Strategic partnership and 20% equity investment in Kaluza to drive retail transformation and digital customer experience, targeting AUD 70–90 million annual pre-tax savings from FY29.
Expanded Customer Support Package to $90 million to address cost-of-living pressures, with $63 million delivered in FY24.
Maintained focus on ESG, reducing Scope 1 and 2 emissions by 23% against FY19 baseline and progressing gender equality and First Nations procurement targets.
Financial highlights
Underlying profit after tax reached AUD 812 million, a 189% increase from the prior year; underlying EBITDA up 63% to $2,216 million.

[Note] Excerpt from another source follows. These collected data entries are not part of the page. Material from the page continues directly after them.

lemma kmerge_correct:
  fixes ss :: "('a::linorder list \<times> nat) list list"
  assumes len: "length ss = 2^d"
    and chains: "\<forall>j<2^d. lcp_chain_from [] (ss ! j)"
    and disj: "\<forall>j<2^d. \<forall>k<2^d. j \<noteq> k \<longrightarrow> fst ` set (ss ! j) \<inter> fst ` set (ss ! k) = {}"
    and km: "kmerge d ss = (out, c, ops)"
  shows "set (map fst out) = (\<Union>j<2^d. fst ` set (ss ! j)) \<and> lcp_chain_from [] out
     \<and> length out = (\<Sum>j<2^d. length (ss ! j))
     \<and> ops = 2^d - 1 + (\<Sum>j<2^d. length (ss ! j)) * (d + 1)
     \<and> c + (\<Sum>j<2^d. L_H (ss ! j)) + (if (\<Sum>j<2^d. length (ss ! j)) = 0 then 0 else 1)
        \<le> L_H out + d * (\<Sum>j<2^d. length (ss ! j)) + (\<Sum>j<2^d. if ss ! j = [] then 0 else 1)"
proof -
  define hs where "hs = (\<lambda>i. if i < length ss then (case ss ! i of [] \<Rightarrow> None | (s, _) # _ \<Rightarrow> Some s) else None)"
  define heads :: "nat \<Rightarrow> 'a cand" where "heads = (\<lambda>i. if i < length ss then (case ss ! i of [] \<Rightarrow> None
                                                | (s, _) # _ \<Rightarrow> Some (i, s, 0)) else None)"
  define n where "n = (\<Sum>j<2^d. length (ss ! j))"
  have "\<forall>j. 0 \<le> j \<and> j < 0 + 2^d \<longrightarrow> heads j = cand_of [] (tour_min hs j 0)"
    unfolding heads_def hs_def by (auto simp: cand_of_def split: list.splits)
  from build_tour_tree[OF this] obtain cb where
    B: "build heads 0 d = (tour_tree hs 0 d, cand_of [] (tour_min hs 0 d), cb)"
       "cb + (if tour_min hs 0 d = None then 0 else 1)
        \<le> (\<Sum>j=0..<0+2^d. if hs j = None then 0 else 1) + tree_lcps (tour_tree hs 0 d)" by blast
  have streams: "\<forall>j<2^d. stream_set hs (map tl ss) j = fst ` set (ss ! j)"
    using len by (auto simp: stream_set_def hs_def split: list.splits)
  have inv: "merge_inv d [] hs (map tl ss)"
    unfolding merge_inv_def
  proof (intro conjI allI impI)
    show "length (map tl ss) = 2^d" using len by simp
  next
    fix j :: nat assume "j < 2^d" "hs j = None"
    then show "map tl ss ! j = []" using len by (auto simp: hs_def split: list.splits)
  next
    fix j :: nat and a assume "j < 2^d" "hs j = Some a"
    then show "lcp_chain a (map tl ss ! j)" using len chains by (auto simp: hs_def split: list.splits)
  next
    fix j :: nat and a assume "j < 2^d" "hs j = Some a"
    then show "ord_class.lexordp_eq [] a" by simp
  next
    fix j k :: nat assume "j < 2^d" "k < 2^d" "j \<noteq> k"
    then show "stream_set hs (map tl ss) j \<inter> stream_set hs (map tl ss) k = {}" using streams disj by simp
  qed
  have pend: "pending d hs (map tl ss) = n"
    unfolding pending_def n_def using len by (intro sum.cong) (auto simp: hs_def split: list.splits)
  obtain out2 cm ops2 where
    M: "mloop n d (map tl ss) (tour_tree hs 0 d) (cand_of [] (tour_min hs 0 d)) = (out2, cm, ops2)"
    by (metis prod_cases3)
  note MC = mloop_correct[OF inv pend[symmetric] M]
  have "sum_list (map length ss) = n"
    unfolding n_def using len by (simp add: sum_list_sum_nth atLeast0LessThan)
  then have "kmerge d ss = (out2, cb + cm, 2^d - 1 + ops2)"
    unfolding kmerge_def using B(1) M heads_def by (simp add: Let_def)
  then have o: "out = out2" "c = cb + cm" "ops = 2^d - 1 + ops2" using km by auto
  have "remaining d hs (map tl ss) = (\<Union>j<2^d. fst ` set (ss ! j))"
    unfolding remaining_def using streams by auto
  moreover have "pending_lcps d (map tl ss) = (\<Sum>j<2^d. L_H (ss ! j))"
    unfolding pending_lcps_def L_H_def using len by (intro sum.cong) (auto simp: drop_Suc)
  moreover have "(\<Sum>j=0..<0+2^d. if hs j = None then 0 else 1) = (\<Sum>j<2^d. if ss ! j = [] then 0 else (1::nat))"
    using len by (auto simp: atLeast0LessThan hs_def split: list.splits intro!: sum.cong)
  moreover have "(tour_min hs 0 d = None) = (n = 0)"
  proof -
    have "\<And>j. j < 2^d \<Longrightarrow> (hs j = None) = (ss ! j = [])"
      using len by (auto simp: hs_def split: list.splits)
    then show ?thesis unfolding tour_min_None n_def by auto
  qed
  moreover have "sum_list (map snd out2) = L_H out2" using MC lcp_chain_from_Nil_sum by blast
  ultimately show ?thesis using MC o B(2) unfolding n_def by auto
qed
lemma quadratic_form_spectral:
  fixes A U :: "real^'n^'n"
  assumes "A = U ** diag_mat l ** transpose U"
  shows "x \<bullet> (A *v x) = (\<Sum>i\<in>UNIV. l $ i * ((transpose U *v x) $ i)\<^sup>2)"
proof -
  define y where "y = transpose U *v x"
  have "A *v x = U *v (diag_mat l *v y)"
    unfolding assms y_def by (simp only: matrix_vector_mul_assoc matrix_mul_assoc)
  hence "x \<bullet> (A *v x) = y \<bullet> (diag_mat l *v y)"
    unfolding y_def by (simp add: inner_matrix_vector_transpose)
  also have "\<dots> = (\<Sum>i\<in>UNIV. l $ i * (y $ i)\<^sup>2)"
    unfolding inner_vec_def diag_mat_mult_vector_nth by (simp add: power2_eq_square mult_ac)
  finally show ?thesis unfolding y_def .
qed

lemma norm_vec_power2: "(norm v)\<^sup>2 = (\<Sum>i\<in>UNIV. (norm (v $ i))\<^sup>2)"
  for v :: "'a::real_normed_vector^'n"
  unfolding norm_vec_def L2_set_def by (simp add: sum_nonneg)

(* The norm on real^'n^'m is the Frobenius norm. *)
lemma norm_matrix_vector_le: "norm ((M::real^'n^'m) *v x) \<le> norm M * norm x"
proof (rule power2_le_imp_le)
  have "(norm (M *v x))\<^sup>2 = (\<Sum>i\<in>UNIV. (M $ i \<bullet> x)\<^sup>2)"
    unfolding norm_vec_power2[of "M *v x"]
    by (intro sum.cong refl) (metis matrix_vector_mul_component real_norm_def power2_abs)
  also have "\<dots> \<le> (\<Sum>i\<in>UNIV. (norm (M $ i) * norm x)\<^sup>2)"
    by (rule sum_mono) (metis Cauchy_Schwarz_ineq2 abs_ge_zero power2_abs power_mono)
  also have "\<dots> = (norm M * norm x)\<^sup>2"
    using norm_vec_power2[of M] by (simp add: power_mult_distrib sum_distrib_right)
  finally show "(norm (M *v x))\<^sup>2 \<le> (norm M * norm x)\<^sup>2" .
qed simp

lemma norm_le_card_mult_nth_bound:
  assumes "\<And>i. \<bar>(v::real^'n) $ i\<bar> \<le> c"
  shows "norm v \<le> real CARD('n) * c"
proof -
  have "norm v \<le> (\<Sum>i\<in>UNIV. \<bar>v $ i\<bar>)" by (rule norm_le_l1_cart)
  also have "\<dots> \<le> (\<Sum>i\<in>(UNIV::'n set). c)" by (rule sum_mono) (rule assms)
  finally show ?thesis by simp
qed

Statutory NPAT of $711 million; operating free cash flow up 169% to $1,355 million, with cash and undrawn committed debt facilities totaling $1,701 million at June 30, 2024.
Total dividend for FY24 was AUD 0.61 per share, up 97% year-over-year, with a 50% payout ratio.
Net debt reduced by AUD 942 million to $1.8 billion, supported by strong cash generation and no major refinancing required until FY26.
Return on equity increased to 14.9%, and return on capital invested to 13.5%.
Outlook and guidance
FY25 underlying EBITDA guidance set between $1,870 and $2,170 million; underlying NPAT guidance between $530 and $730 million, reflecting expected earnings decrease due to lower wholesale prices and margin compression.
Operating costs projected to remain broadly flat, with higher depreciation and amortization anticipated.
Dividend policy remains at 50%-75% of underlying NPAT, with intention to begin paying partially franked dividends from FY25 interim dividend.
Sustaining capital spend on thermal assets to remain in the AUD 400–500 million range annually.
Guidance subject to regulatory, trading, and plant availability risks.